-- Input follows --
lemma attention_le:
  fixes x :: "'n::finite \<Rightarrow> real^'d"
  assumes "\<And>j. norm (x j) \<le> 1" and "spec_norm W \<le> G"
  shows "attention W x i j \<le> exp (2 * G) / CARD('n)"
  unfolding attention_def
proof (rule softmax_weight_le)
  fix k
  have "\<bar>inner (x i) (W *v x k)\<bar> \<le> G * norm (x i) * norm (x k)"
    by (rule abs_inner_matrix_vector_le[OF assms(2)])
  also have "\<dots> \<le> G"
    using assms spec_norm_nonneg[of W] by (simp add: mult_le_one mult_left_le mult.assoc)
  finally show "\<bar>inner (x i) (W *v x k)\<bar> \<le> G" .
qed

lemma exp_le_chord:
  fixes a s :: real
  assumes "\<bar>s\<bar> \<le> a"
  shows "2 * a * exp s \<le> (a + s) * exp a + (a - s) * exp (- a)"
proof (cases "a = 0")
  case True
  then show ?thesis
    using assms by simp
next
  case False
  then have a: "a > 0"
    using assms by linarith
  define \<theta> where "\<theta> = (a + s) / (2 * a)"
  have "0 \<le> \<theta>" "\<theta> \<le> 1"
    unfolding \<theta>_def using assms a by (auto simp: field_simps)
  moreover have "s = (1 - \<theta>) *\<^sub>R (- a) + \<theta> *\<^sub>R a"
    unfolding \<theta>_def using a by (simp add: field_simps)
  ultimately have "exp s \<le> (1 - \<theta>) * exp (- a) + \<theta> * exp a"
    using convex_onD[OF exp_convex] by (metis UNIV_I)
  then have "2 * a * exp s \<le> 2 * a * ((1 - \<theta>) * exp (- a) + \<theta> * exp a)"
    using a by simp
  also have "\<dots> = (a + s) * exp a + (a - s) * exp (- a)"
    unfolding \<theta>_def using a by (simp add: field_simps)
  finally show ?thesis .
qed

lemma column_mass_ineq_rational:
  fixes u t :: real
  assumes u: "0 \<le> u" and t: "0 \<le> t" "t \<le> 1"
  shows "(1 + 2 * u) * ((2 - t) / (1 + u * t) + t / (1 + u * (4 - t))) / 2 + u * t * (2 - t)
    \<le> 1 + 2 * u"
proof -
  define D1 where "D1 = 1 + u * t"
  define D2 where "D2 = 1 + u * (4 - t)"
  have D: "D1 > 0" "D2 > 0"
    unfolding D1_def D2_def using u t by (simp_all add: add_pos_nonneg)
  have cubic: "0 \<le> 8 - 10 * t + 6 * t\<^sup>2 - t ^ 3"
  proof -
    have "t ^ 3 \<le> t\<^sup>2"
      using t by (simp add: power3_eq_cube power2_eq_square mult_left_le)
    moreover have "0 \<le> 5 * (t - 1)\<^sup>2 + 3"
      by simp
    ultimately show ?thesis
      by (simp add: power2_eq_square algebra_simps)
  qed
  have "2 * (1 + 2 * u) * D1 * D2 - (1 + 2 * u) * ((2 - t) * D2 + t * D1) - 2 * u * t * (2 - t) * D1 * D2
      = 2 * u * t * (1 + u * (2 + t) + u\<^sup>2 * (8 - 10 * t + 6 * t\<^sup>2 - t ^ 3))"
    unfolding D1_def D2_def by (simp add: algebra_simps power2_eq_square power3_eq_cube)
  also have "\<dots> \<ge> 0"
    using u t cubic by (intro mult_nonneg_nonneg add_nonneg_nonneg) auto
  finally have "((1 + 2 * u) * ((2 - t) * D2 + t * D1) + 2 * u * t * (2 - t) * D1 * D2) / (2 * D1 * D2)
      \<le> 1 + 2 * u"
    using D by (simp add: divide_le_eq algebra_simps)
  moreover have "((1 + 2 * u) * ((2 - t) * D2 + t * D1) + 2 * u * t * (2 - t) * D1 * D2) / (2 * D1 * D2)
      = (1 + 2 * u) * ((2 - t) / D1 + t / D2) / 2 + u * t * (2 - t)"
    using D by (simp add: field_simps)
  ultimately show ?thesis
    unfolding D1_def D2_def by simp
qed

(* The chord bound on a column sum, at |c| = m and chord radius a = u (1 + m), is absorbed by the
   covariance deficit u e^(2u) (1 - m^2).  Substituting t = 1 - m and exp (-y) \<le> 1 / (1 + y)
   reduces this to the rational inequality above. *)
lemma column_mass_ineq:
  fixes u m :: real
  assumes u: "0 \<le> u" and m: "0 \<le> m" "m \<le> 1"
  shows "(1 + 2 * u) * ((1 + m) * exp (u * (1 + m)) + (1 - m) * exp (- (u * (1 + m)))) / 2
      + u * exp (2 * u) * (1 - m\<^sup>2) \<le> (1 + 2 * u) * exp (2 * u)"
proof -
  define t where "t = 1 - m"
  have t: "0 \<le> t" "t \<le> 1"
    using m unfolding t_def by auto
  have exp_minus_le: "exp (- y) \<le> 1 / (1 + y)" if "0 \<le> y" for y :: real
    using exp_ge_add_one_self[of y] that by (simp add: exp_minus divide_le_eq field_simps)
  have "(2 - t) * exp (- (u * t)) \<le> (2 - t) * (1 / (1 + u * t))"
    using exp_minus_le[of "u * t"] u t by (intro mult_left_mono) auto
  moreover have "t * exp (- (u * (4 - t))) \<le> t * (1 / (1 + u * (4 - t)))"
    using exp_minus_le[of "u * (4 - t)"] u t by (intro mult_left_mono) auto
  ultimately have "(1 + 2 * u) * ((2 - t) * exp (- (u * t)) + t * exp (- (u * (4 - t)))) / 2
      + u * t * (2 - t)
      \<le> (1 + 2 * u) * ((2 - t) / (1 + u * t) + t / (1 + u * (4 - t))) / 2 + u * t * (2 - t)"
    using u by (intro add_right_mono divide_right_mono mult_left_mono) auto
  also have "\<dots> \<le> 1 + 2 * u"
    by (rule column_mass_ineq_rational[OF u t])
  finally have main: "(1 + 2 * u) * ((2 - t) * exp (- (u * t)) + t * exp (- (u * (4 - t)))) / 2
      + u * t * (2 - t) \<le> 1 + 2 * u" .
  have "exp (u * (1 + m)) = exp (2 * u) * exp (- (u * t))"
    and "exp (- (u * (1 + m))) = exp (2 * u) * exp (- (u * (4 - t)))"
    unfolding t_def by (simp_all add: algebra_simps flip: exp_add)
  moreover have "1 - m\<^sup>2 = t * (2 - t)"
    unfolding t_def by (simp add: power2_eq_square algebra_simps)
  ultimately have "(1 + 2 * u) * ((1 + m) * exp (u * (1 + m)) + (1 - m) * exp (- (u * (1 + m)))) / 2
      + u * exp (2 * u) * (1 - m\<^sup>2)
    = exp (2 * u) * ((1 + 2 * u) * ((2 - t) * exp (- (u * t)) + t * exp (- (u * (4 - t)))) / 2
      + u * t * (2 - t))"
    by (simp add: t_def algebra_simps)
  also have "\<dots> \<le> exp (2 * u) * (1 + 2 * u)"
    using main by simp
  finally show ?thesis
    by (simp add: mult.commute)
qed

definition centroid :: "('i::finite \<Rightarrow> 'a::real_vector) \<Rightarrow> 'a" where
  "centroid x = (1 / CARD('i)) *\<^sub>R (\<Sum>k\<in>UNIV. x k)"

lemma norm_centroid_le:
  fixes x :: "'i::finite \<Rightarrow> 'a::real_normed_vector"
  assumes "\<And>j. norm (x j) \<le> 1"
  shows "norm (centroid x) \<le> 1"
proof -
  have "norm (\<Sum>k\<in>UNIV. x k) \<le> (\<Sum>k\<in>(UNIV::'i set). 1)"
    using assms by (intro order_trans[OF norm_sum] sum_mono)
  then show ?thesis
    by (simp add: centroid_def divide_le_eq)
qed

lemma sum_inner_eq_centroid:
  fixes x :: "'i::finite \<Rightarrow> 'a::real_inner"
  shows "(\<Sum>i\<in>UNIV. inner (x i) g) = CARD('i) * inner (centroid x) g"
  by (simp add: centroid_def inner_sum_left)

lemma sum_norm_sq_diff_centroid_le:
  fixes x :: "'i::finite \<Rightarrow> 'a::real_inner"
  assumes "\<And>j. norm (x j) \<le> 1"
  shows "(\<Sum>j\<in>UNIV. (norm (x j - centroid x))\<^sup>2) \<le> CARD('i) * (1 - (norm (centroid x))\<^sup>2)"
proof -
  have "(\<Sum>j\<in>UNIV. (norm (x j - centroid x))\<^sup>2)
      = (\<Sum>j\<in>UNIV. (norm (x j))\<^sup>2 - 2 * inner (x j) (centroid x) + (norm (centroid x))\<^sup>2)"
    by (intro sum.cong refl)
      (simp add: power2_norm_eq_inner inner_diff_left inner_diff_right inner_commute)
  also have "\<dots> = (\<Sum>j\<in>UNIV. (norm (x j))\<^sup>2) - CARD('i) * (norm (centroid x))\<^sup>2"
    by (simp add: sum.distrib sum_subtractf sum_inner_eq_centroid power2_norm_eq_inner
        flip: sum_distrib_left)
  also have "(\<Sum>j\<in>UNIV. (norm (x j))\<^sup>2) \<le> (\<Sum>j\<in>(UNIV::'i set). 1)"
    using assms by (intro sum_mono) (simp add: power_le_one)
  finally show ?thesis
    by (simp add: algebra_simps)
qed

lemma sum_exp_inner_le:
  fixes x :: "'i::finite \<Rightarrow> 'a::real_inner"
  assumes x: "\<And>i. norm (x i) \<le> 1" and g: "norm g \<le> a"
  defines "m \<equiv> norm (centroid x)"
  shows "(\<Sum>i\<in>UNIV. exp (inner (x i) g))
    \<le> CARD('i) * ((1 + m) * exp a + (1 - m) * exp (- a)) / 2"
proof (cases "a = 0")
  case True
  then show ?thesis
    using g by simp
next
  case False
  then have a: "a > 0"
    using g norm_ge_zero[of g] by linarith
  have chord: "2 * a * exp (inner (x i) g)
      \<le> (a + inner (x i) g) * exp a + (a - inner (x i) g) * exp (- a)" for i
  proof (rule exp_le_chord)
    have "\<bar>inner (x i) g\<bar> \<le> norm (x i) * norm g"
      by (rule Cauchy_Schwarz_ineq2)
    also have "\<dots> \<le> 1 * a"
      using x[of i] g by (intro mult_mono) auto
    finally show "\<bar>inner (x i) g\<bar> \<le> a"
      by simp
  qed
  have "inner (centroid x) g \<le> m * a"
    unfolding m_def using norm_cauchy_schwarz[of "centroid x" g] g
    by (meson mult_left_mono norm_ge_zero order_trans)
  moreover have "exp (- a) \<le> exp a"
    using a by simp
  ultimately have "CARD('i) * inner (centroid x) g * (exp a - exp (- a))
      \<le> CARD('i) * (m * a) * (exp a - exp (- a))"
    by (intro mult_right_mono mult_left_mono) auto
  moreover have "2 * a * (\<Sum>i\<in>UNIV. exp (inner (x i) g))
      \<le> (\<Sum>i\<in>UNIV. (a + inner (x i) g) * exp a + (a - inner (x i) g) * exp (- a))"
    unfolding sum_distrib_left by (intro sum_mono chord)
  moreover have "(\<Sum>i\<in>UNIV. (a + inner (x i) g) * exp a + (a - inner (x i) g) * exp (- a))
      = (\<Sum>i\<in>UNIV. a * (exp a + exp (- a)) + inner (x i) g * (exp a - exp (- a)))"
    by (simp add: algebra_simps)
  moreover have "\<dots> = CARD('i) * a * (exp a + exp (- a))
      + CARD('i) * inner (centroid x) g * (exp a - exp (- a))"
    by (simp add: sum.distrib flip: sum_distrib_right sum_inner_eq_centroid)
  ultimately have "a * (2 * (\<Sum>i\<in>UNIV. exp (inner (x i) g)))
      \<le> a * (CARD('i) * ((1 + m) * exp a + (1 - m) * exp (- a)))"
    by (simp add: algebra_simps)
  then have "2 * (\<Sum>i\<in>UNIV. exp (inner (x i) g)) \<le> CARD('i) * ((1 + m) * exp a + (1 - m) * exp (- a))"
    using a by (simp only: mult_le_cancel_left_pos)
  then show ?thesis
    by simp
qed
-- Input concluded --
Given the records above, reproduce precisely and only the lines between the line holding "- \<theta>) *\<^sub>R" and the line holding "s \<le> (1 - \<theta>)", inclusive.

  moreover have "s = (1 - \<theta>) *\<^sub>R (- a) + \<theta> *\<^sub>R a"
    unfolding \<theta>_def using a by (simp add: field_simps)
  ultimately have "exp s \<le> (1 - \<theta>) * exp (- a) + \<theta> * exp a"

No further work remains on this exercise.